French Onion Sausage Rolls (Print Version)

Flaky puff pastry filled with sausage, caramelized onions, Dijon, and thyme—perfect savory snack or party bite.

# What You'll Need:

→ Onion Filling

01 - 2 large yellow onions, finely sliced
02 - 2 tablespoons unsalted butter
03 - 1 tablespoon olive oil
04 - 1 teaspoon granulated sugar
05 - 1/4 teaspoon salt
06 - 1 teaspoon balsamic vinegar
07 - 1 teaspoon fresh thyme leaves or 1/2 teaspoon dried thyme

→ Sausage Mixture

08 - 1 pound pork sausage meat
09 - 1 teaspoon Dijon mustard
10 - 1 teaspoon fresh parsley, finely chopped
11 - Black pepper, to taste
12 - 1/4 cup grated Gruyère cheese or Emmental cheese (optional)

→ Pastry and Assembly

13 - 1 sheet all-butter puff pastry, about 14 ounces, thawed if frozen
14 - 1 large egg, lightly beaten

# How to Make It:

01 - In a large skillet over medium-low heat, melt unsalted butter with olive oil. Add sliced onions and cook, stirring often, for 15 to 18 minutes until softened and golden.
02 - Sprinkle in sugar and salt; continue to cook until onions are deeply caramelized, about 10 additional minutes. Stir in balsamic vinegar and thyme; cook for 1 to 2 minutes.

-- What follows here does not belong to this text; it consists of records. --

lemma mono_if_zr_cancel:
  assumes H: "\<And>x. cd x = dm m \<Longrightarrow> m \<cdot> x = zr (dm x) (cd m) \<Longrightarrow> x = zr (dm x) (dm m)"
  shows "is_mono C m"
  unfolding is_mono_def
proof (intro allI impI)
  fix g h assume G: "cd g = dm m \<and> cd h = dm m \<and> dm g = dm h \<and> m \<cdot> g = m \<cdot> h"
  obtain n where n: "dm n = dm h" "cd n = cd h" "ad h n = zr (dm h) (cd h)"
    using ad_inverse_ex[of h] by auto
  have "m \<cdot> ad g n = ad (m \<cdot> g) (m \<cdot> n)" using G n by (simp add: comp_ad_distrib_left)
  also have "\<dots> = ad (m \<cdot> h) (m \<cdot> n)" using G by simp
  also have "\<dots> = m \<cdot> ad h n" by (rule comp_ad_distrib_left[symmetric]) (use G n in auto)
  also have "\<dots> = zr (dm h) (cd m)" using G n by simp
  finally have "ad g n = zr (dm (ad g n)) (dm m)" using H[of "ad g n"] G n by simp
  then have "ad g n = zr (dm n) (cd n)" using G n by simp
  moreover have "ad h n = zr (dm n) (cd n)" using n by simp
  ultimately show "g = h" by (intro ad_right_inverse_unique[of g n h]) (use G n in simp_all)
qed

lemma mono_is_kernel_of_cokernel:
  assumes M: "is_mono C m" and Q: "is_cokernel C q m"
  shows "is_kernel C m q"
proof -
  obtain g where G: "is_kernel C m g" using mono_is_kernel[OF M] by blast
  have cm: "cd m = dm g" using kernel_cd[OF G] .
  have dq: "dm q = cd m" using Q unfolding is_cokernel_def by simp
  obtain t where t: "dm t = cd q" "cd t = cd g" "t \<cdot> q = g"
    using Q kernel_comp_zr[OF G] cm unfolding is_cokernel_def by metis
  show ?thesis unfolding is_kernel_def
  proof (intro conjI allI impI)
    show "cd m = dm q" using dq by simp
    show "q \<cdot> m = zr (dm m) (cd q)" using Q unfolding is_cokernel_def by simp
    fix x assume X: "cd x = dm q \<and> q \<cdot> x = zr (dm x) (cd q)"
    have "g \<cdot> x = t \<cdot> (q \<cdot> x)" using t X dq comp_assoc[of q x t] by simp
    also have "\<dots> = zr (dm x) (cd g)" using X t by simp
    finally have gx: "g \<cdot> x = zr (dm x) (cd g)" .
    obtain u where u: "dm u = dm x" "cd u = dm m" "m \<cdot> u = x"
      using kernel_lift[OF G, of x] gx X dq cm by metis
    show "\<exists>!u. dm u = dm x \<and> cd u = dm m \<and> m \<cdot> u = x"
    proof (rule ex1I[of _ u])
      show "dm u = dm x \<and> cd u = dm m \<and> m \<cdot> u = x" using u by simp
      fix v assume "dm v = dm x \<and> cd v = dm m \<and> m \<cdot> v = x"
      then show "v = u" using mono_cancel[OF M, of v u] u by simp
    qed
  qed
qed

lemma cokernel_dm: "is_cokernel C q f \<Longrightarrow> dm q = cd f"
  and cokernel_comp_zr: "is_cokernel C q f \<Longrightarrow> q \<cdot> f = zr (dm f) (cd q)"
  unfolding is_cokernel_def by auto

lemma cokernel_desc:
  assumes "is_cokernel C q f" "dm g = cd f" "g \<cdot> f = zr (dm f) (cd g)"
  obtains u where "dm u = cd q" "cd u = cd g" "u \<cdot> q = g"
  using abelian.kernel_lift[OF abelian_op_cat, of q f g] assms by auto

lemma cokernel_epi: "is_cokernel C q f \<Longrightarrow> is_epi C q"
  using abelian.kernel_mono[OF abelian_op_cat, of q f] by simp

lemma epi_cancel:
  assumes "is_epi C e" "dm x = cd e" "dm y = cd e" "cd x = cd y" "x \<cdot> e = y \<cdot> e"
  shows "x = y"
  using assms unfolding is_epi_def by blast

lemma epi_comp:
  assumes "is_epi C m" "is_epi C n" "dm m = cd n"
  shows "is_epi C (m \<cdot> n)"
  using abelian.mono_comp[OF abelian_op_cat, of n m] assms by simp

lemma epi_cancel_zr:
  assumes "is_epi C e" "dm x = cd e" "x \<cdot> e = zr (dm e) (cd x)"
  shows "x = zr (cd e) (cd x)"
  using abelian.mono_cancel_zr[OF abelian_op_cat, of e x] assms by simp

lemma epi_if_zr_cancel:
  assumes "\<And>x. dm x = cd e \<Longrightarrow> x \<cdot> e = zr (dm e) (cd x) \<Longrightarrow> x = zr (cd e) (cd x)"
  shows "is_epi C e"
  using abelian.mono_if_zr_cancel[OF abelian_op_cat, of e] assms by simp

lemma epi_is_cokernel_of_kernel:
  assumes "is_epi C e" "is_kernel C k e"
  shows "is_cokernel C e k"
  using abelian.mono_is_kernel_of_cokernel[OF abelian_op_cat, of e k] assms by simp

lemma image_le_mono:
  assumes R: "is_cokernel C r b" and I: "is_kernel C i r" and M: "is_mono C m"
    and x: "cd x = dm m" "m \<cdot> x = b"
  obtains s where "dm s = dm i" "cd s = dm m" "m \<cdot> s = i"
proof -
  have cb: "cd b = dm r" using cokernel_dm[OF R] by simp
  obtain c where Cc: "is_cokernel C c m" using cokernel_ex by blast
  have Km: "is_kernel C m c" using mono_is_kernel_of_cokernel[OF M Cc] .
  have dc: "dm c = cd m" using cokernel_dm[OF Cc] .
  have dx: "dm x = dm b" using x dm_comp[of m x] by simp
  have "c \<cdot> b = (c \<cdot> m) \<cdot> x" using x dc comp_assoc[of m x c] by simp
  also have "\<dots> = zr (dm b) (cd c)" using cokernel_comp_zr[OF Cc] x dx by simp
  finally obtain t where t: "dm t = cd r" "cd t = cd c" "t \<cdot> r = c"
    using cokernel_desc[OF R, of c] dc x cb by (metis cd_comp)
  have "c \<cdot> i = t \<cdot> (r \<cdot> i)" using t kernel_cd[OF I] comp_assoc[of r i t] by simp
  also have "\<dots> = zr (dm i) (cd c)" using kernel_comp_zr[OF I] t by simp
  finally show ?thesis
    using kernel_lift[OF Km, of i] that dc x cb kernel_cd[OF I] by (metis cd_comp)
qed

lemma image_factorization:
  assumes R: "is_cokernel C r b" and I: "is_kernel C i r"
  obtains e where "dm e = dm b" "cd e = dm i" "i \<cdot> e = b" "is_epi C e"
proof -
  obtain e where e: "dm e = dm b" "cd e = dm i" "i \<cdot> e = b"
    using kernel_lift[OF I, of b] cokernel_comp_zr[OF R] cokernel_dm[OF R] by metis
  have "is_epi C e"
  proof (rule epi_if_zr_cancel)
    fix g assume g: "dm g = cd e" "g \<cdot> e = zr (dm e) (cd g)"
    obtain k where K: "is_kernel C k g" using kernel_ex by blast
    have ck: "cd k = dm i" using kernel_cd[OF K] g e by simp
    obtain e' where e': "cd e' = dm k" "k \<cdot> e' = e"
      using kernel_lift[OF K, of e] g by metis
    have "is_mono C (i \<cdot> k)"
      using mono_comp[OF kernel_mono[OF I] kernel_mono[OF K]] ck by simp
    moreover have "(i \<cdot> k) \<cdot> e' = b" using e e' ck comp_assoc[of k e' i] by simp
    ultimately obtain s where s: "dm s = dm i" "cd s = dm k" "(i \<cdot> k) \<cdot> s = i"
      using image_le_mono[OF R I, of "i \<cdot> k" e'] e' ck by auto
    have "i \<cdot> (k \<cdot> s) = i \<cdot> idn (dm i)" using s ck comp_assoc[of k s i] by simp
    then have ks: "k \<cdot> s = idn (dm i)"
      using mono_cancel[OF kernel_mono[OF I], of "k \<cdot> s" "idn (dm i)"] ck s by simp
    have "g = (g \<cdot> k) \<cdot> s" using ks g e ck s comp_assoc[of k s g] kernel_cd[OF K] by simp
    also have "\<dots> = zr (cd e) (cd g)" using kernel_comp_zr[OF K] s e ck by simp
    finally show "g = zr (cd e) (cd g)" .
  qed
  then show ?thesis using that e by blast
qed

lemma coimage_factorization:
  assumes "is_kernel C k w" "is_cokernel C q k"
  obtains u where "dm u = cd q" "cd u = cd w" "u \<cdot> q = w" "is_mono C u"
  using abelian.image_factorization[OF abelian_op_cat, of k w q] assms by auto

end

section \<open>Pullbacks\<close>

definition is_pullback :: "('o, 'm) abcat \<Rightarrow> 'm \<Rightarrow> 'm \<Rightarrow> 'm \<Rightarrow> 'm \<Rightarrow> bool" where
  "is_pullback C a b p1 p2 \<longleftrightarrow> Cod C a = Cod C b \<and> Cod C p1 = Dom C a \<and> Cod C p2 = Dom C b \<and>
     Dom C p1 = Dom C p2 \<and> Comp C a p1 = Comp C b p2 \<and>
     (\<forall>x y. Cod C x = Dom C a \<and> Cod C y = Dom C b \<and> Dom C x = Dom C y \<and> Comp C a x = Comp C b y \<longrightarrow>
        (\<exists>w. Dom C w = Dom C x \<and> Cod C w = Dom C p1 \<and> Comp C p1 w = x \<and> Comp C p2 w = y)) \<and>
     (\<forall>w w'. Cod C w = Dom C p1 \<and> Cod C w' = Dom C p1 \<and> Dom C w = Dom C w' \<and>
        Comp C p1 w = Comp C p1 w' \<and> Comp C p2 w = Comp C p2 w' \<longrightarrow> w = w')"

Remove from heat and let cool completely.
03 - In a mixing bowl, blend pork sausage meat with Dijon mustard, parsley, black pepper, and cheese if using. Fold in the cooled onion mixture and mix gently until incorporated.
04 - Preheat oven to 400°F. Line a baking sheet with parchment paper. Roll out the puff pastry into a rectangle approximately 12 by 10 inches. Cut lengthwise to form two strips.
05 - Place sausage mixture along one long edge of each pastry strip. Brush the opposite edge with beaten egg. Roll pastry over filling to enclose, sealing firmly. Position seam side down and cut each log into 6 equal pieces.
06 - Arrange pieces on the prepared baking sheet. Brush tops with remaining egg wash, then lightly score the tops with a sharp knife. Bake for 25 to 30 minutes until golden brown and flaky. Cool slightly before serving.

# Expert Advice:

01 -
  • You get all the flavor of a slow-cooked French onion soup curled inside flaky, golden pastry—no soup bowl required.
  • This recipe is gloriously forgiving, and each time you make it you’ll find a new personal twist to love more than the last.
02 -
  • If you rush the caramelizing step, your onions will be bland and watery instead of jammy and sweet.
  • The first time I used cold filling, my pastry split open—always let the onion mixture cool before wrapping.
03 -
  • Brush any leftover egg wash on scraps of pastry for toastable, savory snack bits.
  • Wrapping the assembled rolls and freezing before baking lets you enjoy fresh sausage rolls any time—just add a few extra minutes to the bake.